Out of the listing below, copy every line that carries the string "multiple".
Segment Start: Recorded information
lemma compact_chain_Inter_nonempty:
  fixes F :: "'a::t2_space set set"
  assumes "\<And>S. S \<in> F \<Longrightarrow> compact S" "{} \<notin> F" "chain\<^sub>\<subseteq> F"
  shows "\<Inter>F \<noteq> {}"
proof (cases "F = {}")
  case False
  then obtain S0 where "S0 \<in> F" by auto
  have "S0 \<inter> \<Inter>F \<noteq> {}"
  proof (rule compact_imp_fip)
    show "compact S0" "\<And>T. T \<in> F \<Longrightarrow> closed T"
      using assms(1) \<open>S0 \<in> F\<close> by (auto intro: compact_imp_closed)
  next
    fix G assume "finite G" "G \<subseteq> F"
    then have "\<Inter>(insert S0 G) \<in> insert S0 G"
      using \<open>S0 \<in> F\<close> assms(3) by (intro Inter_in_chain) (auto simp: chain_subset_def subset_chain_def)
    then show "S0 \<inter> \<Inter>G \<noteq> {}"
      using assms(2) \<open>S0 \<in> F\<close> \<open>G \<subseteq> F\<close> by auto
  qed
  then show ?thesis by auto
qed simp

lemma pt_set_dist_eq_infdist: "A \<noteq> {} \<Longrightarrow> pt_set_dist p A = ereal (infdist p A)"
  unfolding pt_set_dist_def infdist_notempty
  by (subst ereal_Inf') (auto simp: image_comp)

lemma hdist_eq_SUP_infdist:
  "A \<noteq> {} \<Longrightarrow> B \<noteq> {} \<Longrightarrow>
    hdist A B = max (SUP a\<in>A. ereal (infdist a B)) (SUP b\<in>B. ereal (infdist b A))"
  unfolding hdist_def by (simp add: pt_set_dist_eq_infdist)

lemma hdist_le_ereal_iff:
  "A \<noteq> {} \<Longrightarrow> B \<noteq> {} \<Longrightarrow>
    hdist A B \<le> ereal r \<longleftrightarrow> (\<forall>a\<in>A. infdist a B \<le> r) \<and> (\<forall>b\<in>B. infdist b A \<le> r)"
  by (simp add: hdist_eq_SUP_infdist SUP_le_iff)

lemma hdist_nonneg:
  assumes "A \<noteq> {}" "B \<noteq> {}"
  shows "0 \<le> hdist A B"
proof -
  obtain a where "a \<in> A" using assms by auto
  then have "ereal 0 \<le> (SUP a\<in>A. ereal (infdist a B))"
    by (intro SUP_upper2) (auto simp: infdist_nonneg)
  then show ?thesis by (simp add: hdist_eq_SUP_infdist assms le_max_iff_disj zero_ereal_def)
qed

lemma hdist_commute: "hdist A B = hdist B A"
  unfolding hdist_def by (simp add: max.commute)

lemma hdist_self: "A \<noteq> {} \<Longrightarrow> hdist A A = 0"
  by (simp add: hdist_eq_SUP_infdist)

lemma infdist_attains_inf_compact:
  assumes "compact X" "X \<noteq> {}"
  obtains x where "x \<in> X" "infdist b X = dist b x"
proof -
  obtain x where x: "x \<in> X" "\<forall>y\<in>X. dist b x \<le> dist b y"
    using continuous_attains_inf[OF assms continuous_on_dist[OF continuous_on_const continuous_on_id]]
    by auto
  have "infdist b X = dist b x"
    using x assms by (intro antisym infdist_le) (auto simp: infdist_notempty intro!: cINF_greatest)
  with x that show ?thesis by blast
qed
Segment End: Recorded information
Segment Start: Recorded information
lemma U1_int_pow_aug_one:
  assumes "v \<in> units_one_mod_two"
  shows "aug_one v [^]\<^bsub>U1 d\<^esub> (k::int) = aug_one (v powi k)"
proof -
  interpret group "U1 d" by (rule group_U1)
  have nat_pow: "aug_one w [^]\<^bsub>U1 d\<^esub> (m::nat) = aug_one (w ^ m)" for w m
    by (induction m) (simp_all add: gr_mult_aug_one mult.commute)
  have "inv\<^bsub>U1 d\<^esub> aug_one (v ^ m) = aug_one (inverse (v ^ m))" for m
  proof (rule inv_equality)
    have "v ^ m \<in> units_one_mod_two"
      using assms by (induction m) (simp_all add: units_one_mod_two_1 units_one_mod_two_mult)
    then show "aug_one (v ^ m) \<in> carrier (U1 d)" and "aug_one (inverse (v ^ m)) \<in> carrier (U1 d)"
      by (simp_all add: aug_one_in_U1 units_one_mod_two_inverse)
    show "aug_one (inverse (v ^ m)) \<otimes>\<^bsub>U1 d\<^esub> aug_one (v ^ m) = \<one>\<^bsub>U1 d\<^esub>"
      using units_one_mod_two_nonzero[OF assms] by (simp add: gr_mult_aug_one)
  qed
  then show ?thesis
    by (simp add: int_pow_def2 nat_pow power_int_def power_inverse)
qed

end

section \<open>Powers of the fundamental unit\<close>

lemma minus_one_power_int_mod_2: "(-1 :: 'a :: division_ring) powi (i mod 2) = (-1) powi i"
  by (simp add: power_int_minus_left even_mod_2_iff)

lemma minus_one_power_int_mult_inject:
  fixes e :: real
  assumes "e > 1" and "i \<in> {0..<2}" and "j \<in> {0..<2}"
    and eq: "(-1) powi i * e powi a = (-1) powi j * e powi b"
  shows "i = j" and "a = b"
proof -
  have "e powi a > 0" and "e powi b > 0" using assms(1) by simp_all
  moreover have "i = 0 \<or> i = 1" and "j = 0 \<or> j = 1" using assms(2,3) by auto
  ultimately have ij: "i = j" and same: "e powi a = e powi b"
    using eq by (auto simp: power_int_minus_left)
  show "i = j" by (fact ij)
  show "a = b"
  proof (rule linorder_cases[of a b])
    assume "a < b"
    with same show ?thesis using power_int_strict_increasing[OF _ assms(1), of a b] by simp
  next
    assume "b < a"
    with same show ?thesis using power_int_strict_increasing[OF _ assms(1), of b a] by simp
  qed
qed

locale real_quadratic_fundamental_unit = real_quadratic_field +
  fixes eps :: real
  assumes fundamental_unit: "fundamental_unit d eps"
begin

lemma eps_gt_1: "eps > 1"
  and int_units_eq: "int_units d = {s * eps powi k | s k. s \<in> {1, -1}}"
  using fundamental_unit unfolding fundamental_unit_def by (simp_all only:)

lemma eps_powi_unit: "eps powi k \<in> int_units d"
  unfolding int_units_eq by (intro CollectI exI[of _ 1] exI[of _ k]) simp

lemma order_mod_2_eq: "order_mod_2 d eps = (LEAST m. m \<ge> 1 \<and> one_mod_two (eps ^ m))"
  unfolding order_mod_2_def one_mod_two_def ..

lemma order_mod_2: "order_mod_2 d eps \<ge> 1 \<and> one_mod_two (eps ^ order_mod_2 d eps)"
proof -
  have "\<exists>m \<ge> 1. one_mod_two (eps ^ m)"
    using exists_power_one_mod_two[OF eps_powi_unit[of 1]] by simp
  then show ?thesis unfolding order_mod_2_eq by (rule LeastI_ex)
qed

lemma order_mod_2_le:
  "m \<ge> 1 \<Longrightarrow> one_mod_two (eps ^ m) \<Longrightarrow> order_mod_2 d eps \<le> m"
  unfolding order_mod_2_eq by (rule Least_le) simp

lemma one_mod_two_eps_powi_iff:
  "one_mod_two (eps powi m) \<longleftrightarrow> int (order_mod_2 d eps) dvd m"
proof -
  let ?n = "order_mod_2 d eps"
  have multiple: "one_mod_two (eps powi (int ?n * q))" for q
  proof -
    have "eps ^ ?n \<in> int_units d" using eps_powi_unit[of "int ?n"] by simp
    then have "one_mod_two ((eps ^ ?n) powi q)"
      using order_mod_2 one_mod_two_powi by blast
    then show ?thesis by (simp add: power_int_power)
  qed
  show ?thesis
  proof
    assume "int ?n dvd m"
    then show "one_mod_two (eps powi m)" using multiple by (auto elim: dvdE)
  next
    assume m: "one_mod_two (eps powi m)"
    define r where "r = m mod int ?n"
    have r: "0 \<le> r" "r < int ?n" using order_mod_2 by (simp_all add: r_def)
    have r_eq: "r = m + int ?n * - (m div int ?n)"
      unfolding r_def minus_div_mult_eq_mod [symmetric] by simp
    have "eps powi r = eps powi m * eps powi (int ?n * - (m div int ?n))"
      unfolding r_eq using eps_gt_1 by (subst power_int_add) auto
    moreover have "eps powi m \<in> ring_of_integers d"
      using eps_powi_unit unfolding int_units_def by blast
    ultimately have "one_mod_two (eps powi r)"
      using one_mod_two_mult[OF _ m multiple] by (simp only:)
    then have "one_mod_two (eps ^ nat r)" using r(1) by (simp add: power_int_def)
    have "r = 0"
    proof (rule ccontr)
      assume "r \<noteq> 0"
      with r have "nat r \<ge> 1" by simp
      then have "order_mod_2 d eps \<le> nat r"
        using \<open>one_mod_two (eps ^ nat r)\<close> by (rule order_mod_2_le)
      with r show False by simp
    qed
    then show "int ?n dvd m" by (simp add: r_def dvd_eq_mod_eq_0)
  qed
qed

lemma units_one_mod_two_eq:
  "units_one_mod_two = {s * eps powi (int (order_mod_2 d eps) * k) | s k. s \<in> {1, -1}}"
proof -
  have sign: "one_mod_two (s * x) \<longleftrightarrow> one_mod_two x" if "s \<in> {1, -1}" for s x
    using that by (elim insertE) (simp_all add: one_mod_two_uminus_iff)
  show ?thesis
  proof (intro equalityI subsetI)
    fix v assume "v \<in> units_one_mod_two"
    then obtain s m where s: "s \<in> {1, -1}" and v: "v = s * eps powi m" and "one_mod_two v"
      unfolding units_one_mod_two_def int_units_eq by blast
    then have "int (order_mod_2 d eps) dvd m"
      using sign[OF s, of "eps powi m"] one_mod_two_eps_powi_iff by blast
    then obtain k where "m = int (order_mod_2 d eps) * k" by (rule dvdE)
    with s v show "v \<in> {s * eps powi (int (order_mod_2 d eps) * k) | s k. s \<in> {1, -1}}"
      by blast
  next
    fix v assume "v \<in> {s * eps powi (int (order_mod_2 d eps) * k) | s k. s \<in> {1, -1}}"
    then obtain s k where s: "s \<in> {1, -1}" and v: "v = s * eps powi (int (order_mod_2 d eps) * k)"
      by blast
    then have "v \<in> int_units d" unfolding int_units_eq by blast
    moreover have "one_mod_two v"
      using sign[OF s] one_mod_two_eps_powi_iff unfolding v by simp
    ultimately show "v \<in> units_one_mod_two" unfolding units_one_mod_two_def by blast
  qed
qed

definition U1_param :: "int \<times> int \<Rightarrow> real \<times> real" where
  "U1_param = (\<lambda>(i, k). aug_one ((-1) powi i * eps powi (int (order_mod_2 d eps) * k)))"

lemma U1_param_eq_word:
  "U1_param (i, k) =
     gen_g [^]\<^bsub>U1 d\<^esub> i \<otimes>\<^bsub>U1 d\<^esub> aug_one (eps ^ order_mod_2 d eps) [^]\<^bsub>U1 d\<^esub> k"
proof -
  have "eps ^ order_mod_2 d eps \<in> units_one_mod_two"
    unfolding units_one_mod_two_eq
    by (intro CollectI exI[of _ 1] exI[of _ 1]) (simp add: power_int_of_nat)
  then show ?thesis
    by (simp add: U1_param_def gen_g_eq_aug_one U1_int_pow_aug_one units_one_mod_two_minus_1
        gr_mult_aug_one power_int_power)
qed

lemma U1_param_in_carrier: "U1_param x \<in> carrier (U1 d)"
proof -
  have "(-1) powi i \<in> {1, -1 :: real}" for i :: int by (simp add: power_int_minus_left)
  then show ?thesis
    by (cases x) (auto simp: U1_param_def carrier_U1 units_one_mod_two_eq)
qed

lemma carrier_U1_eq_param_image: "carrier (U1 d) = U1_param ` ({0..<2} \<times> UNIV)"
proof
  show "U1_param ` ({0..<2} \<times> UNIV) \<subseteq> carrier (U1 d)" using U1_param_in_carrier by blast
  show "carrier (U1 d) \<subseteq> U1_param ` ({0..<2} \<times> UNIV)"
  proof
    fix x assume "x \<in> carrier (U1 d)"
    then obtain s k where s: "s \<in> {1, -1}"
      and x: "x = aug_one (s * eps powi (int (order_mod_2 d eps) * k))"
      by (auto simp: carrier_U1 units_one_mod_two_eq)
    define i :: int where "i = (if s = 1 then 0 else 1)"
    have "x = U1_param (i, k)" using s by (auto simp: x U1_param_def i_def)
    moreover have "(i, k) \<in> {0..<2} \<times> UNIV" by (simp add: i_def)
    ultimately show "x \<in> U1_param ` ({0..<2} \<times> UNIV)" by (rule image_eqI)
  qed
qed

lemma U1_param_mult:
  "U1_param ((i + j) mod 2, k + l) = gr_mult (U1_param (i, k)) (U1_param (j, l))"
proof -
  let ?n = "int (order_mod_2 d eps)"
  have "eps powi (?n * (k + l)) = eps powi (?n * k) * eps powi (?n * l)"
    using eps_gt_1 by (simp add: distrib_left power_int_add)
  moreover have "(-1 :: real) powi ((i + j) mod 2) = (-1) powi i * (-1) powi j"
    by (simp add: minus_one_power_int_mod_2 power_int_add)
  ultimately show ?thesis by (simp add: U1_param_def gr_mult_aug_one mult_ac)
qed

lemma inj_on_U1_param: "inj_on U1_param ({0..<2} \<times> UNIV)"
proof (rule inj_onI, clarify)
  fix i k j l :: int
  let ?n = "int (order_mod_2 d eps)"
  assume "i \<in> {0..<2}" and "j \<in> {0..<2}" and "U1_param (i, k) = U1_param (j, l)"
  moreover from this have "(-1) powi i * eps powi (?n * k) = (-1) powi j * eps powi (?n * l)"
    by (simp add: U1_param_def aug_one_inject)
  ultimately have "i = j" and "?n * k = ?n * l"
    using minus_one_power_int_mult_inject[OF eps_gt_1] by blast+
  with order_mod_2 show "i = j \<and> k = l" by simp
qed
Segment End: Recorded information
Task output:
  have multiple: "one_mod_two (eps powi (int ?n * q))" for q
    then show "one_mod_two (eps powi m)" using multiple by (auto elim: dvdE)
      using one_mod_two_mult[OF _ m multiple] by (simp only:)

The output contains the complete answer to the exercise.